HOW TO COMPLETE THIS TASK:
The lines below, beginning at the one that contains "unfolding powr_shift_forms[OF U, of p]" and ending at the last, are to be retyped exactly.

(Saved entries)
"""

lemma sum_powr_has_deriv_y:
  "x + y > 0 \<Longrightarrow> ((\<lambda>y'. (x + y') powr q) has_real_derivative q * (x + y) powr (q - 1)) (at y)"
  by (auto intro!: derivative_eq_intros)

lemma hom_has_deriv_x:
  assumes U: "x + y > 0" and dG: "(G has_real_derivative G' (ratio x y)) (at (ratio x y))"
  shows "((\<lambda>x'. (x' + y) powr p * G (ratio x' y)) has_real_derivative hom_dx p G G' x y) (at x)"
proof -
  have "((\<lambda>x'. (x' + y) powr p * G (ratio x' y)) has_real_derivative
      p * (x + y) powr (p - 1) * G (ratio x y) + (x + y) powr p * (G' (ratio x y) * (- 2 * y / (x + y)^2))) (at x)"
    using U by (auto intro!: derivative_eq_intros DERIV_chain2[OF dG ratio_has_deriv_x[OF U]])
  then show ?thesis
    using U by (simp add: hom_dx_def powr_diff power2_eq_square field_simps)
qed

lemma hom_has_deriv_y:
  assumes U: "x + y > 0" and dG: "(G has_real_derivative G' (ratio x y)) (at (ratio x y))"
  shows "((\<lambda>y'. (x + y') powr p * G (ratio x y')) has_real_derivative hom_dy p G G' x y) (at y)"
proof -
  have "((\<lambda>y'. (x + y') powr p * G (ratio x y')) has_real_derivative
      p * (x + y) powr (p - 1) * G (ratio x y) + (x + y) powr p * (G' (ratio x y) * (2 * x / (x + y)^2))) (at y)"
    using U by (auto intro!: derivative_eq_intros DERIV_chain2[OF dG ratio_has_deriv_y[OF U]])
  then show ?thesis
    using U by (simp add: hom_dy_def powr_diff power2_eq_square field_simps)
qed

lemma hom_dx_has_deriv_x:
  fixes G G' G'' :: "real \<Rightarrow> real" and p x y :: real
  assumes U: "x + y > 0" and dG: "(G has_real_derivative G' (ratio x y)) (at (ratio x y))"
    and dG': "(G' has_real_derivative G'' (ratio x y)) (at (ratio x y))"
  shows "((\<lambda>x'. hom_dx p G G' x' y) has_real_derivative
     (x + y) powr (p - 2) * (p * (p - 1) * G (ratio x y) - 2 * (p - 1) * (1 + ratio x y) * G' (ratio x y)
        + (1 + ratio x y)^2 * G'' (ratio x y))) (at x)"
proof -
  note d1 = DERIV_chain2[OF dG ratio_has_deriv_x[OF U]]
  note d1' = DERIV_chain2[OF dG' ratio_has_deriv_x[OF U]]
  define g where "g = G (ratio x y)"
  define g1 where "g1 = G' (ratio x y)"
  define g2 where "g2 = G'' (ratio x y)"
  define P where "P = (x + y) powr (p - 2)"
  define s where "s = ratio x y"
  have s_eq: "s = (y - x) / (x + y)" by (simp add: s_def ratio_def)
  define V where "V = x + y"
  have V: "V > 0" using U by (simp add: V_def)
  show ?thesis unfolding hom_dx_def
    apply (rule DERIV_cong[OF DERIV_diff[OF DERIV_mult[OF DERIV_cmult[OF sum_powr_has_deriv_x[OF U]] d1]
          DERIV_mult[OF DERIV_cmult[OF sum_powr_has_deriv_x[OF U]] d1']]])
    unfolding powr_shift_forms[OF U, of p]
    unfolding g_def[symmetric] g1_def[symmetric] g2_def[symmetric] P_def[symmetric]
    unfolding s_def[symmetric] s_eq V_def[symmetric]
    using V by (simp add: field_simps power2_eq_square) (simp add: V_def algebra_simps)
qed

"""

SOLUTION TO THIS PROBLEM:
    unfolding powr_shift_forms[OF U, of p]
    unfolding g_def[symmetric] g1_def[symmetric] g2_def[symmetric] P_def[symmetric]
    unfolding s_def[symmetric] s_eq V_def[symmetric]
    using V by (simp add: field_simps power2_eq_square) (simp add: V_def algebra_simps)
qed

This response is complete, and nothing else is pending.